Le procureur d’Etat demande également à la chambre du conseil de renvoyer l’inculpé B.) devant la chambre correctionnelle du tribunal de céans pour y répondre des chefs d’infractions à l’article 9bis alinéa 1 er (homicide involontaire) et alinéa 2 (coups ou blessures involontaires) de la loi modifiée du 14 février 1955 concernant la réglementation de la circulation sur toutes les voies publiques et à l’article 7 alinéa 2a) (vitesse dangereuse selon les circonstances) de cette même loi ainsi que du chef d’infractions à l’article 140 de l’arrêté grand- ducal du 23 novembre 1955 portant réglementation de la circulation sur toutes les voies publiques.
Dans son réquisitoire, le procureur d’Etat précise qu’ « il n’y a pas lieu de retenir A.) et B.) dans les liens des infractions aux articles 418, 419 et 420 du code pénal » et que « A.) n’est pas à retenir dans les liens du délit de rébellion repris dans les articles 269, 270 et 271 du code pénal ».

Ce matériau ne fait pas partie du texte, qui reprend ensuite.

(* Let $f:\mathbb{R}^n\to\mathbb{R}$ be convex and continuously differentiable, with $|f(x)-f(y)|\le L_0\|x-y\|$ and $\|\nabla f(x)-\nabla f(y)\|\le L_1\|x-y\|$ for all $x,y$. Let $\tilde f(x;\xi)=f(x)[1+\nu(x;\xi)]$, where $\nu$ is i.i.d. (across all evaluations) with $\mathbb{E}[\nu]=0$, variance $\sigma_r^2>0$, $\mathbb{E}[\frac{1}{1+\nu}]\le b$, and support in $[-a,a]$ for some $a<1$. Given $x_k$ with $f(x_k)\neq0$, draw a standard Gaussian $u_k\in\mathbb{R}^n$ independent of the noise, set $\mu_k=\tilde\mu=C_4\sqrt{|\tilde f(x_k;\xi_{k'})|}$ with $C_4=\left[\frac{16\sigma_r^2 n}{L_1^2(1+3\sigma_r^2)(n+6)^3}\right]^{1/4}$, and $$s_{\tilde\mu}=\frac{\tilde f(x_k+\mu_k u_k;\xi_k)-\tilde f(x_k;\xi_{k-1})}{\mu_k}u_k,$$ where the noise in the three evaluations (indexed by $\xi_{k'},\xi_k,\xi_{k-1}$) is independent. Then $$\mathbb{E}[\|s_{\tilde\mu}\|^2]\le 2(n+4)\|\nabla f(x_k)\|^2+C_5|f(x_k)|+C_6,$$ where the expectation is over $u_k,\xi_k,\xi_{k-1},\xi_{k'}$, and $C_5=\tfrac12 C_4^2L_1^2(n+6)^3+(1+b)L_1\sigma_r\sqrt{(1+3\sigma_r^2)n(n+6)^3}$, $C_6=3L_0^2\sigma_r^2(n+4)^2$.
   Context: $\|\cdot\|$ is the Euclidean norm; "standard Gaussian" means mean $0$ and covariance $I_n$. *)

theory Defs
  imports "HOL-Probability.Probability"
begin

definition std_gaussian :: "('a::euclidean_space) measure" where
  "std_gaussian = density lborel
     (\<lambda>x. ennreal ((2 * pi) powr (- real DIM('a) / 2) * exp (- (norm x)\<^sup>2 / 2)))"

definition noisy :: "('a \<Rightarrow> real) \<Rightarrow> 'a \<Rightarrow> real \<Rightarrow> real" where
  "noisy f x v = f x * (1 + v)"

definition C4 :: "real \<Rightarrow> real \<Rightarrow> real \<Rightarrow> real" where
  "C4 n L1 \<sigma> = (16 * \<sigma>\<^sup>2 * n / (L1\<^sup>2 * (1 + 3 * \<sigma>\<^sup>2) * (n + 6) ^ 3)) powr (1 / 4)"

definition C5 :: "real \<Rightarrow> real \<Rightarrow> real \<Rightarrow> real \<Rightarrow> real" where
  "C5 n L1 \<sigma> b = 1 / 2 * (C4 n L1 \<sigma>)\<^sup>2 * L1\<^sup>2 * (n + 6) ^ 3
      + (1 + b) * L1 * \<sigma> * sqrt ((1 + 3 * \<sigma>\<^sup>2) * n * (n + 6) ^ 3)"

definition C6 :: "real \<Rightarrow> real \<Rightarrow> real \<Rightarrow> real" where
  "C6 n L0 \<sigma> = 3 * L0\<^sup>2 * \<sigma>\<^sup>2 * (n + 4)\<^sup>2"

text \<open>The zeroth-order estimator s_mu. Arguments: direction u, noise v1 (xi_{k'},
  used for the smoothing radius), v2 (xi_k), v3 (xi_{k-1}).\<close>
definition zo_est :: "real \<Rightarrow> real \<Rightarrow> real \<Rightarrow> ('a::euclidean_space \<Rightarrow> real) \<Rightarrow> 'a \<Rightarrow> 'a
    \<Rightarrow> real \<Rightarrow> real \<Rightarrow> real \<Rightarrow> 'a" where
  "zo_est n L1 \<sigma> f x u v1 v2 v3 =
     (let \<mu> = C4 n L1 \<sigma> * sqrt \<bar>noisy f x v1\<bar>
      in ((noisy f (x + \<mu> *\<^sub>R u) v2 - noisy f x v3) / \<mu>) *\<^sub>R u)"

end

theory Submission
  imports Defs
begin

(*
  Condition on the direction u and average over the three noise variables first. The
  evaluation noise in f(x + mu u) and f(x) enters affinely, so its average only contributes
  sigma^2-weighted squares of function values. The remaining finite difference is controlled
  by the Taylor bound for a Lipschitz gradient and by the Lipschitz bound on f. Since
  mu^2 = C4^2 |f(x)| (1 + nu), the noise nu in the radius appears either linearly or through
  1/(1 + nu), whose mean is at most b. What is left is a polynomial in (grad f(x) . u)^2 and
  |u|^2 whose Gaussian moments are computed one coordinate at a time; the choice of C4
  balances the mu^2 and 1/mu^2 contributions.
*)

section \<open>Functions with Lipschitz gradient\<close>

lemma lipschitz_bound_nonneg:
  fixes g :: "'a::euclidean_space \<Rightarrow> 'b::real_normed_vector"
  assumes "\<And>y z. norm (g y - g z) \<le> L * norm (y - z)"
  shows "0 \<le> L"
proof -
  obtain e :: 'a where e: "e \<in> Basis"
    using nonempty_Basis by blast
  have "0 \<le> L * norm (e - 0)"
    using assms[of e 0] norm_ge_zero order_trans by blast
  then show ?thesis
    using e by (simp add: zero_le_mult_iff)
qed

lemma lipschitz_gradient_taylor_bound:
  fixes f :: "'a::euclidean_space \<Rightarrow> real" and df :: "'a \<Rightarrow> 'a"
  assumes grad: "\<And>y. GDERIV f y :> df y"
    and lip1: "\<And>y z. norm (df y - df z) \<le> L1 * norm (y - z)"
  shows "\<bar>f (x + h) - f x - df x \<bullet> h\<bar> \<le> L1 / 2 * (norm h)\<^sup>2"
proof -
  define E where "E t = f (x + t *\<^sub>R h) - t * (df x \<bullet> h)" for t
  define e where "e t = h \<bullet> df (x + t *\<^sub>R h) - df x \<bullet> h" for t
  have E_deriv: "(E has_real_derivative e t) (at t)" for t
  proof -
    have "((\<lambda>t. x + t *\<^sub>R h) has_derivative (\<lambda>s. s *\<^sub>R h)) (at t)"
      by (auto intro!: derivative_eq_intros)
    from has_derivative_compose[OF this grad[of "x + t *\<^sub>R h", unfolded gderiv_def]]
    have "((\<lambda>t. f (x + t *\<^sub>R h)) has_derivative (\<lambda>s. s * (h \<bullet> df (x + t *\<^sub>R h)))) (at t)"
      by (simp add: inner_commute)
    moreover have "(\<lambda>s. s * (h \<bullet> df (x + t *\<^sub>R h))) = (*) (h \<bullet> df (x + t *\<^sub>R h))"
      by (simp add: fun_eq_iff)
    ultimately have "((\<lambda>t. f (x + t *\<^sub>R h)) has_real_derivative (h \<bullet> df (x + t *\<^sub>R h))) (at t)"
      by (simp add: has_field_derivative_def)
    then show ?thesis
      unfolding E_def e_def by (auto intro!: derivative_eq_intros)
  qed
  have e_bound: "\<bar>e t\<bar> \<le> L1 * t * (norm h)\<^sup>2" if "0 \<le> t" for t
  proof -
    have "\<bar>e t\<bar> = \<bar>h \<bullet> (df (x + t *\<^sub>R h) - df x)\<bar>"
      by (simp add: e_def inner_diff_right inner_commute[of "df x"])
    also have "\<dots> \<le> norm h * norm (df (x + t *\<^sub>R h) - df x)"
      by (rule Cauchy_Schwarz_ineq2)
    also have "\<dots> \<le> norm h * (L1 * norm (t *\<^sub>R h))"
      using lip1[of "x + t *\<^sub>R h" x] by (intro mult_left_mono) auto
    finally show ?thesis
      using that by (simp add: power2_eq_square mult_ac)
  qed
  have "E 1 - L1 / 2 * 1\<^sup>2 * (norm h)\<^sup>2 \<le> E 0 - L1 / 2 * 0\<^sup>2 * (norm h)\<^sup>2"
  proof (rule DERIV_nonpos_imp_nonincreasing[where f = "\<lambda>t. E t - L1 / 2 * t\<^sup>2 * (norm h)\<^sup>2"])
    fix t :: real assume "0 \<le> t" "t \<le> 1"
    have "((\<lambda>t. E t - L1 / 2 * t\<^sup>2 * (norm h)\<^sup>2) has_real_derivative e t - L1 * t * (norm h)\<^sup>2) (at t)"
      by (auto intro!: derivative_eq_intros E_deriv)
    then show "\<exists>y. ((\<lambda>t. E t - L1 / 2 * t\<^sup>2 * (norm h)\<^sup>2) has_real_derivative y) (at t) \<and> y \<le> 0"
      using e_bound[OF \<open>0 \<le> t\<close>] by (auto simp: abs_le_iff)
  qed simp
  moreover have "E 0 + L1 / 2 * 0\<^sup>2 * (norm h)\<^sup>2 \<le> E 1 + L1 / 2 * 1\<^sup>2 * (norm h)\<^sup>2"
  proof (rule DERIV_nonneg_imp_nondecreasing[where f = "\<lambda>t. E t + L1 / 2 * t\<^sup>2 * (norm h)\<^sup>2"])
    fix t :: real assume "0 \<le> t" "t \<le> 1"
    have "((\<lambda>t. E t + L1 / 2 * t\<^sup>2 * (norm h)\<^sup>2) has_real_derivative e t + L1 * t * (norm h)\<^sup>2) (at t)"
      by (auto intro!: derivative_eq_intros E_deriv)
    then show "\<exists>y. ((\<lambda>t. E t + L1 / 2 * t\<^sup>2 * (norm h)\<^sup>2) has_real_derivative y) (at t) \<and> 0 \<le> y"
      using e_bound[OF \<open>0 \<le> t\<close>] by (auto simp: abs_le_iff)
  qed simp
  ultimately have "f (x + h) - f x - df x \<bullet> h \<le> L1 / 2 * (norm h)\<^sup>2"
    and "- (f (x + h) - f x - df x \<bullet> h) \<le> L1 / 2 * (norm h)\<^sup>2"
    by (simp_all add: E_def)
  then show ?thesis
    by (simp only: abs_le_iff)
qed

lemma power2_add_le: "(p + q)\<^sup>2 \<le> 2 * p\<^sup>2 + 2 * q\<^sup>2" for p q :: real
proof -
  have "0 \<le> (p - q)\<^sup>2"
    by simp
  then show ?thesis
    by (simp add: power2_eq_square algebra_simps)
qed

section \<open>Moments of the standard Gaussian\<close>

lemma std_normal_poly6_integral:
  "has_bochner_integral lborel
     (\<lambda>y. std_normal_density y * (c6*y^6 + c5*y^5 + c4*y^4 + c3*y^3 + c2*y^2 + c1*y + c0))
     (15*c6 + 3*c4 + c2 + c0)"
proof -
  have even: "has_bochner_integral lborel (\<lambda>y. std_normal_density y * y^(2*k)) (fact (2*k) / (2^k * fact k))"
    for k by (rule std_normal_moment_even)
  have odd: "has_bochner_integral lborel (\<lambda>y. std_normal_density y * y^(2*k+1)) 0" for k
    by (rule std_normal_moment_odd)
  have m6: "has_bochner_integral lborel (\<lambda>y. std_normal_density y * y^6) 15"
    using even[of 3] by (simp add: fact_numeral)
  have m4: "has_bochner_integral lborel (\<lambda>y. std_normal_density y * y^4) 3"
    using even[of 2] by (simp add: fact_numeral)
  have m2: "has_bochner_integral lborel (\<lambda>y. std_normal_density y * y^2) 1"
    using even[of 1] by simp
  have m0: "has_bochner_integral lborel (\<lambda>y. std_normal_density y) 1"
    using even[of 0] by simp
  have m5: "has_bochner_integral lborel (\<lambda>y. std_normal_density y * y^5) 0"
    using odd[of 2] by (simp add: numeral_eq_Suc)
  have m3: "has_bochner_integral lborel (\<lambda>y. std_normal_density y * y^3) 0"
    using odd[of 1] by (simp add: numeral_eq_Suc)
  have m1: "has_bochner_integral lborel (\<lambda>y. std_normal_density y * y) 0"
    using odd[of 0] by simp
  have "has_bochner_integral lborel
     (\<lambda>y. c6 * (std_normal_density y * y^6) + c5 * (std_normal_density y * y^5)
        + c4 * (std_normal_density y * y^4) + c3 * (std_normal_density y * y^3)
        + c2 * (std_normal_density y * y^2) + c1 * (std_normal_density y * y) + c0 * std_normal_density y)
     (c6 * 15 + c5 * 0 + c4 * 3 + c3 * 0 + c2 * 1 + c1 * 0 + c0 * 1)"
    by (intro has_bochner_integral_add has_bochner_integral_mult_right m0 m1 m2 m3 m4 m5 m6)
  then show ?thesis
    by (simp add: algebra_simps)
qed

Dans son mémoire, A.) demande à titre principal à la chambre du conseil de déclarer les poursuites pénales irrecevables par application de l’article 6 de la Convention européenne de sauvegarde des droits de l’homme et des libertés fondamentales au motif qu’à peine l’instruction judiciaire commencée, l’inculpé aurait « été présenté comme une personne d’ores et déjà coupable » par le représentant du Ministère Public, de sorte que le principe de la présomption d’innocence aurait été méconnu et que qu’il aurait été gravement porté atteinte au droit à un procès équitable. A titre subsidiaire, il demande à la chambre du conseil de prononcer un non- lieu à poursuivre à son égard quant aux infractions 9bis de la loi modifiée du 14 février 1955 et à l’article 140 de l’arrêté grand- ducal du 23 novembre 1955 au motif que tout lien causal entre son comportement et l’accident litigieux ferait défaut.

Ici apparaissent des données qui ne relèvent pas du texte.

lemma mechanism_invariant_under_monotonic_profile:
  assumes mech: "is_mechanism n f" and tr: "truthful n f" and nb: "non_bossy n f"
    and P: "valid_profile n P" and Q: "valid_profile n Q"
    and contour: "\<forall>j<n. upper_contour (Q ! j) (f P ! j) \<subseteq> upper_contour (P ! j) (f P ! j)"
  shows "f Q = f P"
proof -
  define mix where "mix k = map (\<lambda>j. if j < k then Q ! j else P ! j) [0..<n]" for k
  have valid_mix: "valid_profile n (mix k)" for k
    using P Q unfolding mix_def valid_profile_def by simp
  have "f (mix k) = f P" if "k \<le> n" for k
    using that
  proof (induct k)
    case 0
    have "mix 0 = P"
      using P unfolding mix_def valid_profile_def by (intro nth_equalityI) auto
    then show ?case by simp
  next
    case (Suc k)
    then have k: "k < n" and IH: "f (mix k) = f P" by simp_all
    have "mix (Suc k) = (mix k)[k := Q ! k]"
      unfolding mix_def by (intro nth_equalityI) (auto simp: nth_list_update less_Suc_eq)
    moreover have "mix k ! k = P ! k"
      unfolding mix_def using k by simp
    moreover have "valid_pref n (Q ! k)"
      using Q k unfolding valid_profile_def by simp
    ultimately show ?case
      using mechanism_invariant_under_monotonic_report[OF mech tr nb valid_mix k] contour k IH
      by simp
  qed
  moreover have "mix n = Q"
    using Q unfolding mix_def valid_profile_def by (intro nth_equalityI) auto
  ultimately show ?thesis by auto
qed

lemma valid_pref_upt: "valid_pref n [0..<n]"
  unfolding valid_pref_def by simp

definition move_to_front :: "nat list \<Rightarrow> nat list \<Rightarrow> nat list" where
  "move_to_front xs l = xs @ filter (\<lambda>x. x \<notin> set xs) l"

lemma valid_pref_move_to_front:
  "valid_pref n l \<Longrightarrow> distinct xs \<Longrightarrow> set xs \<subseteq> {0..<n} \<Longrightarrow> valid_pref n (move_to_front xs l)"
  unfolding valid_pref_def move_to_front_def by auto

lemma index_move_to_front:
  "a \<in> set xs \<Longrightarrow> index (move_to_front xs l) a = index xs a"
  unfolding move_to_front_def by (rule index_append_left)

lemma card_le_maxrank_i:
  assumes "S \<subseteq> {0..<n}" "inj_on \<sigma> S" "\<sigma> ` S \<subseteq> {0..<n}"
    and "\<forall>j\<in>S. index (P ! j) (\<sigma> j) < i"
  shows "card S \<le> maxrank_i n i P"
proof -
  define M where "M = map (\<lambda>j. if j \<in> S then Some (\<sigma> j) else None) [0..<n]"
  have M: "is_matching n M"
    using assms(2,3) unfolding M_def is_matching_def by (auto dest: inj_onD)
  have "rank_i n i M P = card S"
    using assms(1,4) unfolding rank_i_def M_def
    by (intro arg_cong[where f = card]) (auto split: if_splits)
  moreover have "finite {rank_i n i M P | M. is_matching n M}"
    by (rule finite_subset[of _ "{..n}"])
      (auto simp: rank_i_def intro!: card_mono[of "{0..<n}", simplified])
  ultimately show ?thesis
    unfolding maxrank_i_def using M by (metis (mono_tags, lifting) Max_ge mem_Collect_eq)
qed

text \<open>Enough items outside the y - 1 remain for the unmatched agents, since holders of positive
  items and unmatched agents are at most n in number.\<close>
lemma obtain_distinct_top_choices:
  assumes M: "is_matching n M"
  obtains c where "\<forall>j<n. \<forall>y. M ! j = Some y \<longrightarrow> c j = y - 1"
    and "inj_on c {j. j < n \<and> M ! j \<noteq> Some 0}" and "\<forall>j<n. c j < n"
proof -
  define A where "A = {j. j < n \<and> (\<exists>y. M ! j = Some y \<and> y \<noteq> 0)}"
  define U where "U = {j. j < n \<and> M ! j = None}"
  define pred where "pred j = the (M ! j) - 1" for j
  have M_lt: "\<And>j y. j < n \<Longrightarrow> M ! j = Some y \<Longrightarrow> y < n"
    and M_inj: "\<And>j k y. j < n \<Longrightarrow> k < n \<Longrightarrow> M ! j = Some y \<Longrightarrow> M ! k = Some y \<Longrightarrow> j = k"
    using M unfolding is_matching_def by blast+
  have inj_pred: "inj_on pred A"
    by (rule inj_onI) (auto simp: A_def pred_def dest: M_inj)
  have pred_A: "pred ` A \<subseteq> {0..<n}"
    unfolding A_def pred_def using M_lt by fastforce
  have "card A + card U = card (A \<union> U)"
    by (rule card_Un_disjoint[symmetric]) (auto simp: A_def U_def)
  also have "\<dots> \<le> card {0..<n}"
    by (rule card_mono) (auto simp: A_def U_def)
  finally have "card U \<le> card ({0..<n} - pred ` A)"
    using card_Diff_subset[OF finite_imageI pred_A] card_image[OF inj_pred]
    by (simp add: A_def)
  then obtain h where h: "h ` U \<subseteq> {0..<n} - pred ` A" "inj_on h U"
    using card_le_inj[of U "{0..<n} - pred ` A"] by (auto simp: U_def)
  define c where "c j = (if M ! j = None then h j else pred j)" for j
  have inj_c: "inj_on c (A \<union> U)"
  proof (rule inj_on_Un[THEN iffD2], intro conjI)
    show "inj_on c A" using inj_pred by (auto simp: c_def A_def inj_on_def)
    show "inj_on c U" using h(2) by (auto simp: c_def U_def inj_on_def)
    show "c ` (A - U) \<inter> c ` (U - A) = {}" using h(1) by (auto simp: c_def A_def U_def)
  qed
  show thesis
  proof (rule that)
    show "\<forall>j<n. \<forall>y. M ! j = Some y \<longrightarrow> c j = y - 1"
      by (simp add: c_def pred_def)
    have "{j. j < n \<and> M ! j \<noteq> Some 0} = A \<union> U"
      by (auto simp: A_def U_def)
    then show "inj_on c {j. j < n \<and> M ! j \<noteq> Some 0}"
      using inj_c by simp
    show "\<forall>j<n. c j < n"
      using h(1) M_lt unfolding c_def pred_def U_def by (fastforce split: option.split)
  qed
qed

B.) demande à la chambre du conseil d’ordonner un non- lieu à poursuivre à son égard. Il soutient qu’ayant agi dans l’exercice de ses fonctions, aucune faute en relation avec l’accident litigieux ne pourra lui être reprochée, qu’il n’existe aucun lien causal entre son comportement et l’accident tragique et qu’il ne pouvait prévoir que la poursuite de A.) allait mener à la collision fatale avec le véhicule conduit par C.) . Il conteste encore avoir commis les infractions libellées sub B. II. 1) et sub B. II. 2) au motif que les articles 139 et 118 de l’arrêté grand- ducal du 23 novembre ne s’appliquent pas aux véhicules se trouvant en service urgent ayant les feux bleus clignotants allumés, de sorte qu’on ne saurait lui reproché d’avoir circulé avec une vitesse dangereuse selon les circonstances, de s’être comporté de manière déraisonnable ou imprudente de façon à ne pas causer un dommage aux personnes, de façon à ne pas causer un dommage aux propriétés publiques et privées, de façon à ne pas constituer un danger pour la circulation ou de façon à rester constamment maître de son véhicule. Il soutient par ailleurs qu’en tout état de cause il n’existerait pas de charges suffisantes qu’il aurait commis les contraventions pour lesquelles son renvoi est demandé.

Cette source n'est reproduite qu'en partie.